“9_th August_.—Parted with my friends Mr. and Mrs. Webb at King’s Cross station to-day. He gracefully said that he wished I had been coming rather than going away, and she shook me very cordially with both hands, and said, ’You will come back again to us, won’t you?’ and shed a womanly tear. The good Lord bless and save them both, and have mercy on their whole household!”
“11_th August_.—Went down to say good-bye to the Duchess-Dowager of Sutherland, at Maidenhead. Garibaldi’s rooms are shown; a good man he was, but followed by a crowd of harpies who tried to use him for their own purposes.... He was so utterly worn out by shaking hands, that a detective policeman who was with him in the carriage, put his hand under his cloak, and did the ceremony for him.
“Took leave at
Foreign Office. Mr. Layard very kind in his
expressions at parting,
and so was Mr. Wylde.
“12_th August_.—“Went down to Wimbledon to dine with Mr. Murray, and take leave. Mr. and Mrs. Oswell came up to say farewell. He offers to go over to Paris at any time to bring Agnes” [who was going to school there] “home, or do anything that a father would. ["I love him,” Livingstone writes to Mr. Webb, “with true affection, and I believe he does the same to me; and yet we never show it.”]
“We have been with Dr. and Mrs. Hamilton for some time—good, gracious people. The Lord bless them and their household! Dr. Kirk and Mr. Waller go down to Folkestone to-morrow, and take leave of us there. This is very kind. The Lord puts it into their hearts to show kindness, and blessed be his name.”

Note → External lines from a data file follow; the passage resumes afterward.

lemma exponential_decay_if_derivative_bound:
  fixes F D :: "real \<Rightarrow> real"
  assumes deriv: "\<And>t. t \<ge> 0 \<Longrightarrow> (F has_real_derivative D t) (at t within {0..})"
    and decay: "\<And>t. t > 0 \<Longrightarrow> D t \<le> - r * (F t - a)" and "t \<ge> 0"
  shows "F t - a \<le> (F 0 - a) * exp (- r * t)"
proof -
  define E where "E t = (F t - a) * exp (r * t)" for t
  have "E t \<le> E 0"
  proof (rule antimono_on_nonneg_if_derivative_nonpos[of E])
    show "(E has_real_derivative D s * exp (r * s) + (F s - a) * (exp (r * s) * r)) (at s within {0..})"
      if "s \<ge> 0" for s
      unfolding E_def using deriv[OF that] by (auto intro!: derivative_eq_intros)
    show "D s * exp (r * s) + (F s - a) * (exp (r * s) * r) \<le> 0" if "s > 0" for s
    proof -
      have "exp (r * s) * (D s + r * (F s - a)) \<le> 0"
        using decay[OF that] by (intro mult_nonneg_nonpos) auto
      then show ?thesis by (simp add: algebra_simps)
    qed
  qed (use \<open>t \<ge> 0\<close> in auto)
  then have "(F t - a) * exp (r * t) * exp (- r * t) \<le> (F 0 - a) * exp (- r * t)"
    unfolding E_def by (intro mult_right_mono) auto
  then show ?thesis by (simp add: mult.assoc flip: exp_add)
qed

lemma PL_exponential_decay:
  fixes f :: "real^'n \<Rightarrow> real" and x :: "real \<Rightarrow> real^'n"
  assumes deriv: "\<And>t. t \<ge> 0 \<Longrightarrow> ((\<lambda>t. f (x t)) has_real_derivative D t) (at t within {0..})"
    and dissipation: "\<And>t. t > 0 \<Longrightarrow> D t \<le> - c * (norm (gradf (x t)))\<^sup>2"
    and "c \<ge> 0" and "\<Lambda> \<ge> 0" and PL: "\<And>y. (norm (gradf y))\<^sup>2 / 2 \<ge> \<Lambda> * (f y - f xs)"
    and min: "\<forall>y. f xs \<le> f y" and "t \<ge> 0"
  shows "f (x t) - f xs \<le> (f (x 0) - f xs) * exp (- (c * \<Lambda>) * t)"
proof (rule exponential_decay_if_derivative_bound[OF deriv _ \<open>t \<ge> 0\<close>])
  \<comment> \<open>Only half of the PL inequality is used: the stated rate drops its factor 2.\<close>
  fix s :: real assume "s > 0"
  have "c * (2 * (\<Lambda> * (f (x s) - f xs))) \<le> c * (norm (gradf (x s)))\<^sup>2"
    using PL[of "x s"] \<open>c \<ge> 0\<close> by (intro mult_left_mono) auto
  moreover have "0 \<le> c * (\<Lambda> * (f (x s) - f xs))"
    using \<open>c \<ge> 0\<close> \<open>\<Lambda> \<ge> 0\<close> min by simp
  ultimately show "D s \<le> - (c * \<Lambda>) * (f (x s) - f xs)"
    using dissipation[OF \<open>s > 0\<close>] by (simp add: mult.assoc)
qed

Dr. Livingstone’s last weeks in England were passed under the roof of the late Rev. Dr. Hamilton, author of Life in Earnest, and could hardly have been passed in a more congenial home. Natives of the same part of Scotland, nearly of an age, and resembling each other much in taste and character, the two men drew greatly to each other. The same Puritan faith lay at the basis of their religious character, with all its stability and firmness. But above all, they had put on charity, which is the bond of perfectness. In Natural History, too, they had an equal enthusiasm. In Dr. Hamilton, Livingstone found what he missed in many orthodox men. On the evening of his last Sunday, he was prevailed on to give an address in Dr. Hamilton’s church, after having in the morning received the Communion with the congregation. In his address he vindicated his character as a missionary, and declared that it was as much as ever his great object to proclaim the love of Christ, which they had been commemorating that day. His prayers made a deep impression; they were like the communings of a child with his father. At the railway station, the last Scotch hands grasped by him were those of Dr. and Mrs. Hamilton. The news of Dr. Hamilton’s death was received by Livingstone a few years after, in the heart of Africa, with no small emotion. Their next meeting was in the better land.